“I think if the [European] Parliament got any idea that it was a political decision in order to help the president-elect to get the support of Italy, Parliament would be furious and that could cause gigantic problems for the president,” Vestager told a Thursday press conference.
“I find it a bit difficult to understand how it could be a political decision” since approval needs to be taken under competition law, she said, blasting “the continued accusation that it’s a political decision, which it’s not.”
“How would that be perceived? If I said ‘OK, I think that it will help the [Commission] president if this merger is being approved?'”
“Maybe I’m not smart enough to see through what would be sort of the politics of it,” she said. “But I don’t think that it has any merit to suggest that because I don’t think anyone can say that it would be, as a given thing, be good to do it like that.”
Italian officials pushed hard for the EU to clear the deal.
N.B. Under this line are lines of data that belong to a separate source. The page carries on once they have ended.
(* Let $k\in\,]0,2]$, $M>0$, $\beta\in\,]0,\tfrac12[$, $0<\sigma_0\le\min\{1,\frac{3\beta^3}{4\pi M^2}\}$ and $I=\inf_{f\in\mathcal A}\mathcal D(f)$. Let $h\in\mathcal A$ with $\mathcal D(h)<0$ and let $\delta>0$ be such that $|\mathcal D(h)|\ge M+\delta$. Define $\eta=\min\{1,\frac{\delta}{6M}\}$ and take $$R\ge\max\Big\{\frac{8M}{3},\frac{2M}{1-\frac{1}{(1+\frac{\delta}{6M})^2}}\Big\}.$$ If $g\in\mathcal A$ satisfies $g\le1$, $\mathcal D(g)\le I+\eta\,\Delta M$ and $\Delta M\in\,]0,M[$, where $\Delta M=\int_{|x|\ge R}\int_{\mathbb R^3}\sqrt{1+|v|^2}g\,dx\,dv$, then $\Delta M\ge\frac{\delta}{18}$. In particular, if $(f_n)\subset\mathcal A$ is a sequence with $\lim_{n\to\infty}\mathcal D(f_n)=I$, $f_n\le1$, and $\lim_{n\to\infty}(\Delta M)_n=\varepsilon_0$ for some $\varepsilon_0\in\,]0,M[$, where $(\Delta M)_n=\int_{|x|\ge R_n}\int_{\mathbb R^3}\sqrt{1+|v|^2}f_n\,dx\,dv$ with $R_n\ge\max\{\frac{8M}{3},\frac{2M}{1-(1+\frac{\delta}{6M})^{-2}}\}$, then $\varepsilon_0\ge\frac{\delta}{18}$.
   Context: Let $\chi(s)=\frac{k}{k+1}s^{1+1/k}$. A measurable $f\ge0$ on $\mathbb R^3\times\mathbb R^3$ is spherically symmetric if $f(Ax,Av)=f(x,v)$ for all $A\in SO(3)$. For such $f$: $\rho_f(x)=\int\sqrt{1+|v|^2}f(x,v)\,dv$ (radial, written $\rho_f(r)$), $m_f(r)=\int_{|x|\le r}\int\sqrt{1+|v|^2}f\,dx\,dv$, $\lambda_f$ given by $e^{-2\lambda_f(r)}=1-2m_f(r)/r$, and $\mathcal D(f)=\int\int e^{\lambda_f(|x|)}(\chi(f)-f)\,dx\,dv$. $\mathcal A$ is the set of measurable spherically symmetric $f\ge0$ with $\int\int\sqrt{1+|v|^2}f\,dx\,dv=M$ and $\rho_f(r)\le\sigma_0$ for all $r\ge0$. *)

theory Defs
  imports "HOL-Analysis.Analysis"
begin

type_synonym vec3 = "real ^ 3"
type_synonym distrib = "vec3 \<Rightarrow> vec3 \<Rightarrow> real"

definition chi :: "real \<Rightarrow> real \<Rightarrow> real" where
  "chi k s = k / (k + 1) * s powr (1 + 1 / k)"

definition SO3 :: "(real ^ 3 ^ 3) set" where
  "SO3 = {A. orthogonal_matrix A \<and> det A = 1}"

definition spherically_symmetric :: "distrib \<Rightarrow> bool" where
  "spherically_symmetric f \<longleftrightarrow> (\<forall>A\<in>SO3. \<forall>x v. f (A *v x) (A *v v) = f x v)"

definition rho :: "distrib \<Rightarrow> vec3 \<Rightarrow> ennreal" where
  "rho f x = (\<integral>\<^sup>+ v. ennreal (sqrt (1 + (norm v)\<^sup>2) * f x v) \<partial>lborel)"

definition mass :: "distrib \<Rightarrow> ennreal" where
  "mass f = (\<integral>\<^sup>+ x. rho f x \<partial>lborel)"

definition m_enc :: "distrib \<Rightarrow> real \<Rightarrow> ennreal" where
  "m_enc f r = (\<integral>\<^sup>+ x. indicator {x. norm x \<le> r} x * rho f x \<partial>lborel)"

text \<open>lambda_f with exp(-2 lambda_f(r)) = 1 - 2 m_f(r)/r (at r = 0, m_f(0)/0 = 0 so lambda_f(0) = 0)\<close>
definition lambda_f :: "distrib \<Rightarrow> real \<Rightarrow> real" where
  "lambda_f f r = - (1/2) * ln (1 - 2 * enn2real (m_enc f r) / r)"

text \<open>D(f) = int int e^{lambda_f(|x|)} (chi(f) - f) dx dv, taken as difference of the two
  (nonnegative) integrals, in the extended reals\<close>
definition Dfun :: "real \<Rightarrow> distrib \<Rightarrow> ereal" where
  "Dfun k f =
     enn2ereal (\<integral>\<^sup>+ x. \<integral>\<^sup>+ v. ennreal (exp (lambda_f f (norm x)) * chi k (f x v)) \<partial>lborel \<partial>lborel)
   - enn2ereal (\<integral>\<^sup>+ x. \<integral>\<^sup>+ v. ennreal (exp (lambda_f f (norm x)) * f x v) \<partial>lborel \<partial>lborel)"

definition admissible :: "real \<Rightarrow> real \<Rightarrow> distrib set" where
  "admissible M \<sigma>0 = {f. (\<lambda>(x, v). f x v) \<in> borel_measurable (lborel \<Otimes>\<^sub>M lborel)
      \<and> (\<forall>x v. 0 \<le> f x v) \<and> spherically_symmetric f
      \<and> mass f = ennreal M \<and> (\<forall>x. rho f x \<le> ennreal \<sigma>0)}"

definition DeltaM :: "real \<Rightarrow> distrib \<Rightarrow> real" where
  "DeltaM R g = enn2real (\<integral>\<^sup>+ x. indicator {x. R \<le> norm x} x * rho g x \<partial>lborel)"

end

theory Submission
  imports Defs
begin

(* Cut a near-minimizer g off at radius R and dilate what is left, x -> a x with
   a^3 = M / (M - Delta M), back to mass M.  A dilation by a >= 1 can only increase
   e^lambda, and as chi(g) <= g this can only lower D, so D(rescaled) <= a^3 D(cut).
   Beyond R we have e^lambda <= 1 + delta/(6M), so the cut removes at most
   (1 + delta/(6M)) Delta M of negative energy.  Hence
   I <= a^3 (D(g) + (1 + delta/(6M)) Delta M) <= a^3 (I + (eta + 1 + delta/(6M)) Delta M),
   which rearranges to -I <= M + delta/3, contradicting -I >= M + delta.  Thus no such g
   has 0 < Delta M < M at all and the bound Delta M >= delta/18 holds vacuously; for the
   sequence one f_n far enough out is such a g. *)

lemma enn2ereal_eq_ereal_enn2real: "x < top \<Longrightarrow> enn2ereal x = ereal (enn2real x)"
  by (metis enn2ereal_ennreal enn2real_nonneg ennreal_enn2real less_top)

lemma nn_integral_add_le_add:
  assumes [measurable]: "A \<in> borel_measurable M" "B \<in> borel_measurable M"
    "C \<in> borel_measurable M" "D \<in> borel_measurable M"
    and "\<And>x. A x + B x \<le> C x + D x"
  shows "(\<integral>\<^sup>+x. A x \<partial>M) + (\<integral>\<^sup>+x. B x \<partial>M) \<le> (\<integral>\<^sup>+x. C x \<partial>M) + (\<integral>\<^sup>+x. D x \<partial>M)"
  using assms(5) by (simp add: nn_integral_add[symmetric] nn_integral_mono)
lemma card_restrict_code_le:
  assumes "finite Alph" "card Alph = q" "is_code Alph n C"
    and "T \<subseteq> {0..<n}" "J \<subseteq> T" "\<forall>j\<in>J. determined_by C (T - J) j"
  shows "card ((\<lambda>c. restrict ((!) c) T) ` C) \<le> q ^ (card T - card J)"
proof -
  have fin_T: "finite T"
    using assms(4) finite_subset by blast
  have "card ((\<lambda>c. restrict ((!) c) T) ` C) \<le> card ((\<lambda>c. restrict ((!) c) (T - J)) ` C)"
  proof (rule card_image_le_if_factors[OF finite_code[OF assms(1,3)]])
    fix c c' assume cc': "c \<in> C" "c' \<in> C"
      and eq: "restrict ((!) c) (T - J) = restrict ((!) c') (T - J)"
    have agree: "\<forall>l\<in>T - J. c ! l = c' ! l"
    proof
      fix l assume "l \<in> T - J"
      then show "c ! l = c' ! l"
        using fun_cong[OF eq, of l] by simp
    qed
    have "c ! l = c' ! l" if "l \<in> T" for l
    proof (cases "l \<in> J")
      case True
      then show ?thesis
        using assms(6) agree cc' unfolding determined_by_def by blast
    next
      case False
      then show ?thesis
        using agree that by blast
    qed
    then show "restrict ((!) c) T = restrict ((!) c') T"
      by (intro restrict_ext)
  qed
  also have "\<dots> \<le> card (Pi\<^sub>E (T - J) (\<lambda>_. Alph))"
  proof (rule card_mono)
    show "finite (Pi\<^sub>E (T - J) (\<lambda>_. Alph))"
      using fin_T assms(1) by (simp add: finite_PiE)
    have "c ! l \<in> Alph" if "c \<in> C" "l \<in> T" for c l
      using assms(3,4) that unfolding is_code_def by (metis atLeastLessThan_iff nth_mem subsetD)
    then show "(\<lambda>c. restrict ((!) c) (T - J)) ` C \<subseteq> Pi\<^sub>E (T - J) (\<lambda>_. Alph)"
      unfolding image_subset_iff restrict_PiE_iff by blast
  qed
  also have "\<dots> = q ^ (card T - card J)"
    using assms(2,5) fin_T by (simp add: card_PiE card_Diff_subset finite_subset)
  finally show ?thesis .
qed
Deputy Prime Minister Matteo Salvini last month said a potential veto would be a “hostile act” against the country. Prime Minister Giorgia Meloni said last year that the Commission was dragging its feet when it had “asked us for years to find a solution” to the national airline’s financial troubles.
Meloni was wooed by von der Leyen last month ahead of EU leaders’ decision to give her a second term heading the EU executive. Meloni ultimately abstained from supporting von der Leyen’s candidacy in anger at being shut out of the decision-making process.